■ PROBLEM DETAILS ■
Beginning with the line below that contains "by (intro tendsto_Complex" and ending with the line that contains "real \<Rightarrow> complex", copy every line exactly. Copy nothing else.

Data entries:

╭──

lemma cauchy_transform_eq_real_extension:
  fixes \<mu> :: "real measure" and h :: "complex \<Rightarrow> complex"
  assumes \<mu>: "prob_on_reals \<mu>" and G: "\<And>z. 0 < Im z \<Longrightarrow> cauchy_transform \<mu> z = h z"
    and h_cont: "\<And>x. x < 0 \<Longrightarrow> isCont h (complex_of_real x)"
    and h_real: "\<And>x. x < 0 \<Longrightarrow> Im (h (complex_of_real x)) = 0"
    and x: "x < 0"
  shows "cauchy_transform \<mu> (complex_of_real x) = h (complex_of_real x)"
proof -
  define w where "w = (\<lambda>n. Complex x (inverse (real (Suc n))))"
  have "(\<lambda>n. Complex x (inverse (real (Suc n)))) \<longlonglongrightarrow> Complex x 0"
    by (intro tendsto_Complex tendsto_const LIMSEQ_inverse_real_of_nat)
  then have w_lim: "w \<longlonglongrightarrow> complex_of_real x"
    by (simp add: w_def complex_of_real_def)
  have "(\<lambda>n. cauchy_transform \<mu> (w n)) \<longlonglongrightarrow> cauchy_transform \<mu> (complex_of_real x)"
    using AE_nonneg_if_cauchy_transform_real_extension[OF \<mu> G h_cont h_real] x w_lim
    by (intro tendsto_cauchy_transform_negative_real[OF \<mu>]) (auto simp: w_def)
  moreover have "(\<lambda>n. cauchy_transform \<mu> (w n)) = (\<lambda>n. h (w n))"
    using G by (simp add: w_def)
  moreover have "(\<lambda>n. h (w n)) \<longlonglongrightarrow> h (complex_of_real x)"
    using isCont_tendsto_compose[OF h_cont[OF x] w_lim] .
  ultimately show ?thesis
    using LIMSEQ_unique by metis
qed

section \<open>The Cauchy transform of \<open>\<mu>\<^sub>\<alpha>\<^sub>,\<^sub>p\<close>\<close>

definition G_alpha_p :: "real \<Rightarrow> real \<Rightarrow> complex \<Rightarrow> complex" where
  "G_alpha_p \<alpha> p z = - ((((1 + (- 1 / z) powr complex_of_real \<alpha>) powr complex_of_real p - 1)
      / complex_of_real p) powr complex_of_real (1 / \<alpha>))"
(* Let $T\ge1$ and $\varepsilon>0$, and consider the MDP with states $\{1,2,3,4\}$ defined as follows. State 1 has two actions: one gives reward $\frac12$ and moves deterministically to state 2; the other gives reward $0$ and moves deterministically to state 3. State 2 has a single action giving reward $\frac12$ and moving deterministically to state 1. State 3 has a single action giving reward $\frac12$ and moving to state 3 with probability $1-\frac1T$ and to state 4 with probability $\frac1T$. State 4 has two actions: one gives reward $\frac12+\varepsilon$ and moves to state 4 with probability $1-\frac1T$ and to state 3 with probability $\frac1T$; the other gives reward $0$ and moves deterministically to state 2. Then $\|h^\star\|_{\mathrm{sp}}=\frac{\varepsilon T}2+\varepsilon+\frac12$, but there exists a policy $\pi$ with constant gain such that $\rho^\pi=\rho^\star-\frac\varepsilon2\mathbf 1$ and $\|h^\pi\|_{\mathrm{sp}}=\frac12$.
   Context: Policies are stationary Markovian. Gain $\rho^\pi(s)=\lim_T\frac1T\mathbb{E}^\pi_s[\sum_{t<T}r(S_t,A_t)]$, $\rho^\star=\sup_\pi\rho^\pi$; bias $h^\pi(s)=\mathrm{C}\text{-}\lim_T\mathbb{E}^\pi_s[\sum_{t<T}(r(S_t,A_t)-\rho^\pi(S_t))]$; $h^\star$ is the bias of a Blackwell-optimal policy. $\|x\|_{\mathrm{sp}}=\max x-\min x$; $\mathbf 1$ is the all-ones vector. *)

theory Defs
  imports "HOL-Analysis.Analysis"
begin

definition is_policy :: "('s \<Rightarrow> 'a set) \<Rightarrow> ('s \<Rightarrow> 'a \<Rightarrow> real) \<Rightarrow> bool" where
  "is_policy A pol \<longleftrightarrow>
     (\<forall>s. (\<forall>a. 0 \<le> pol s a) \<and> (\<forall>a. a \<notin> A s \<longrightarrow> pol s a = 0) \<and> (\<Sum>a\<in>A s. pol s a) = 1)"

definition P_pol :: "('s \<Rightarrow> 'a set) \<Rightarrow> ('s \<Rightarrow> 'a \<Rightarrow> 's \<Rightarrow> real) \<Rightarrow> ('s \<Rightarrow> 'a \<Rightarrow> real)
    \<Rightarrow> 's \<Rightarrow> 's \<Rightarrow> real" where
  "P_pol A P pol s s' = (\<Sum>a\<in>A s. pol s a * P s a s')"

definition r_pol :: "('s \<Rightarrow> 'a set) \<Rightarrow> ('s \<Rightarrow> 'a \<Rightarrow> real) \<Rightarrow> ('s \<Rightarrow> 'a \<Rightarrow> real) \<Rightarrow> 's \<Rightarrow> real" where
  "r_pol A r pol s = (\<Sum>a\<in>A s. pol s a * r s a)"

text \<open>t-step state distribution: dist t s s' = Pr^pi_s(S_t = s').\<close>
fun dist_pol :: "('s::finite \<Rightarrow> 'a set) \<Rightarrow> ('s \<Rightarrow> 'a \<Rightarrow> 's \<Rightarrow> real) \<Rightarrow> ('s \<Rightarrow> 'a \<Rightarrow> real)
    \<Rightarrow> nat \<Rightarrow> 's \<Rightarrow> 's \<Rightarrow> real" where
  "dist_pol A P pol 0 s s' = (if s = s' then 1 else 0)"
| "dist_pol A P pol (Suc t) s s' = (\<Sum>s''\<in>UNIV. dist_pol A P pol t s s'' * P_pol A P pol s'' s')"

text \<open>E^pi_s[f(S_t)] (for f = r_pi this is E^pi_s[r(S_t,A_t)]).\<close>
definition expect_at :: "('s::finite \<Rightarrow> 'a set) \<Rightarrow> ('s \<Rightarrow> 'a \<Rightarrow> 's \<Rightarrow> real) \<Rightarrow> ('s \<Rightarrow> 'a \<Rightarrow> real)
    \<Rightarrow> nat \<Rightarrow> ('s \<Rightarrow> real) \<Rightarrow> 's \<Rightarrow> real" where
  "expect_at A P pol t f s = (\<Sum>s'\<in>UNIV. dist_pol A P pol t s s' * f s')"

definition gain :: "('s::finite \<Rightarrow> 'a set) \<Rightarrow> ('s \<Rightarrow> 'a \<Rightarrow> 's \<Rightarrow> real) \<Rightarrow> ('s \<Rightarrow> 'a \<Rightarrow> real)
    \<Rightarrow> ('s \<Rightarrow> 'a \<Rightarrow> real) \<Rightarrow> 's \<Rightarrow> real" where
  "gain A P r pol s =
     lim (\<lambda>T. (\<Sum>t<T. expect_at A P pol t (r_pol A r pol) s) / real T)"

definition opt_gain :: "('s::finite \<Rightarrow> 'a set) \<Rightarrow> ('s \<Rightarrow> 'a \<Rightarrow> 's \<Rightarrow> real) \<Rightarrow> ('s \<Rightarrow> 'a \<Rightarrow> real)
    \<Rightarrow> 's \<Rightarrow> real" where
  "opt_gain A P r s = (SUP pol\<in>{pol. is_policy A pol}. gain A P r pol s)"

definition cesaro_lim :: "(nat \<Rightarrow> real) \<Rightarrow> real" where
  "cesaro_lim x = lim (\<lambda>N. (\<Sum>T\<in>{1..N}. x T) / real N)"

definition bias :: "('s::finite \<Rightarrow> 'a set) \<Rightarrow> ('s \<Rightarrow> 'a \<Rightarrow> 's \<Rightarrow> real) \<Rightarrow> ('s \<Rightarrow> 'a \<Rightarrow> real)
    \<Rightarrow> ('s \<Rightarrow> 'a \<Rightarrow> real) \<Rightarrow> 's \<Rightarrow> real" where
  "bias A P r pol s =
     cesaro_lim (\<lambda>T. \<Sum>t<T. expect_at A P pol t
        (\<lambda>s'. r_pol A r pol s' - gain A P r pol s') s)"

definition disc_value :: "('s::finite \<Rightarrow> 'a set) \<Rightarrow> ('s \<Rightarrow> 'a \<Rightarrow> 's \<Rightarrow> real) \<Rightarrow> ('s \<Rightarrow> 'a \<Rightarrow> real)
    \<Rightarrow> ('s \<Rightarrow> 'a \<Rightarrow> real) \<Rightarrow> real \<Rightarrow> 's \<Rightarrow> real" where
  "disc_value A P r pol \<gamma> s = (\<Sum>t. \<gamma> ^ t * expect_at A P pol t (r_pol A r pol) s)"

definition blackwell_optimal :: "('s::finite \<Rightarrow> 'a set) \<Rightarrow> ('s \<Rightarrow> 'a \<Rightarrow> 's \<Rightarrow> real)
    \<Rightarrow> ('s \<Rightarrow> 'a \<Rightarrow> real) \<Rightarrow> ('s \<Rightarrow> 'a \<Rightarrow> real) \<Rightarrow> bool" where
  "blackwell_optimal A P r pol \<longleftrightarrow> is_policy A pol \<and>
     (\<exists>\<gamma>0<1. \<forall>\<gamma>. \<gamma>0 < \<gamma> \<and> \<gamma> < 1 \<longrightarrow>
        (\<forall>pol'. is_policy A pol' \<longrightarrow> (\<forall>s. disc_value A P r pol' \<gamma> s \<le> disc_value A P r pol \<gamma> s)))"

╰──

■ OUTPUT OF THE EXERCISE ■
    by (intro tendsto_Complex tendsto_const LIMSEQ_inverse_real_of_nat)
  then have w_lim: "w \<longlonglongrightarrow> complex_of_real x"
    by (simp add: w_def complex_of_real_def)
  have "(\<lambda>n. cauchy_transform \<mu> (w n)) \<longlonglongrightarrow> cauchy_transform \<mu> (complex_of_real x)"
    using AE_nonneg_if_cauchy_transform_real_extension[OF \<mu> G h_cont h_real] x w_lim
    by (intro tendsto_cauchy_transform_negative_real[OF \<mu>]) (auto simp: w_def)
  moreover have "(\<lambda>n. cauchy_transform \<mu> (w n)) = (\<lambda>n. h (w n))"
    using G by (simp add: w_def)
  moreover have "(\<lambda>n. h (w n)) \<longlonglongrightarrow> h (complex_of_real x)"
    using isCont_tendsto_compose[OF h_cont[OF x] w_lim] .
  ultimately show ?thesis
    using LIMSEQ_unique by metis
qed

section \<open>The Cauchy transform of \<open>\<mu>\<^sub>\<alpha>\<^sub>,\<^sub>p\<close>\<close>

definition G_alpha_p :: "real \<Rightarrow> real \<Rightarrow> complex \<Rightarrow> complex" where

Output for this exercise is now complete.